**If you found this notebook to be helpful, please upvote so that others can see it too :)

In [None]:
import numpy as np # linear algebra
import pandas as pd # data processing, CSV file I/O (e.g. pd.read_csv)
import seaborn as sns # data visualization
import matplotlib.pyplot as plt #more data visualization
plt.style.use('fivethirtyeight')
import warnings
warnings.filterwarnings('ignore') # ignore warnings
from scipy.stats import ttest_ind # for the t-test we'll be doing
from subprocess import check_output 
print(check_output(["ls", "../input"]).decode("utf8"))


# Question: Which dog breeds bite most frequently?

Such a contraversial topic!  This data can be useful when talking about public safety and pet ownership in the public square.  One thing to keep in mind is that this dataset comes from a concentrated area of Louiseville, Kentucky, so our results may be skewed by which dogs are most commonly owned.

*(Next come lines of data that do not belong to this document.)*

(* Let $\Delta$ be a distribution such that $\mathrm{tr}_{\tilde q}(\Delta)$ is well-defined. Then for every context $O[\cdot]$: $O[\Delta] \rightsquigarrow_\pi \Delta'$ if and only if $O[\mathrm{tr}_{\tilde q}(\Delta)] \rightsquigarrow_\pi \mathrm{tr}_{\tilde q}(\Delta')$.
   Context: lqCCS has a discard process $\mathbf{0}_{\tilde q}$, a deadlocked process that keeps and hides the qubits $\tilde q$. Extended configurations $\langle\!\langle \rho, P, R \rangle\!\rangle$ consist of a density operator, a process and an observer (a process without $\tau$ and restriction whose sums are only sums of inputs on distinct channels); $\bot$ is the deadlock configuration. The partial trace of a configuration over $\tilde q$ is $\mathrm{tr}_{\tilde q}(\langle\!\langle \rho, P, R \rangle\!\rangle) = \langle\!\langle \mathrm{tr}_{\tilde q}(\rho), P', R \rangle\!\rangle$ when $P \equiv P' \parallel \mathbf{0}_{\tilde q}$, with $\mathrm{tr}_{\tilde q}(\bot) = \bot$, extended to distributions by linearity (well-defined only when every configuration in the support discards $\tilde q$). Contexts are $O[\cdot] = [\cdot] \parallel R'$ with $R'$ an observer. $\rightsquigarrow_\pi$ is the enhanced semantics with index $\pi = \diamond$ when the process makes a standard probabilistic reduction (including superoperator application $\mathcal{E}_{\tilde x}(\rho)$ and measurements producing $\sum_m p_m\cdot\overline{\langle\!\langle \rho_m/p_m, P[m/y], R \rangle\!\rangle}$ with $\rho_m = (M_m)_{\tilde x}(\rho)$, $p_m = \mathrm{tr}(\rho_m)$, $[m/y]$ denoting substitution), or $\pi \in \{\ell,r\}^*$ naming the observer component that acts (observer superoperator/measurement, or communication with the process); transitions are lifted to distributions by linearity. *)

theory Defs
  imports "HOL-Probability.Probability_Mass_Function"
begin

type_synonym qubit = nat
type_synonym chan = nat
type_synonym var = nat

datatype val = Qb qubit | Nv nat
datatype expr = Var var | Val val
datatype bexp = BTrue | BEq expr expr | BNot bexp | BAnd bexp bexp

text \<open>Basis states are assignments of qubit names to bits; operators and density
  operators are matrices indexed by assignments.  An operator acting on a k-tuple of
  qubits is indexed by assignments of the positions 0..k-1.\<close>
type_synonym asgn = "nat \<Rightarrow> bool"
type_synonym op = "asgn \<Rightarrow> asgn \<Rightarrow> complex"
type_synonym dens = "asgn \<Rightarrow> asgn \<Rightarrow> complex"
text \<open>quantum state: the set of qubit names in scope and a density operator on them\<close>
type_synonym qst = "nat set \<times> dens"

With that in mind, let's read our data in!

In [None]:
# Read in the Data
bites = pd.read_csv("../input/Health_AnimalBites.csv")
bites.head()

In [None]:
bites.shape #look at how many rows we have (rows, columns)

If you peak at the input data up top, it looks like we have cats **AND** dogs in our dataset.  Let's get rid of everything besides dogs.

In [None]:
# Create a dataframe where there are only dogs included
dogs = bites.loc[bites['SpeciesIDDesc'] == 'DOG', :]
dogs.shape # prints out (rows, columns)

I also noticed that a lot of our values in the 'BreedIDDesc" column (dog breed) are missing.  Let's get rid of those.

In [None]:
dogs_with_breed = dogs.dropna(subset = ['BreedIDDesc'])
dogs_with_breed.shape # prints out (rows, columns)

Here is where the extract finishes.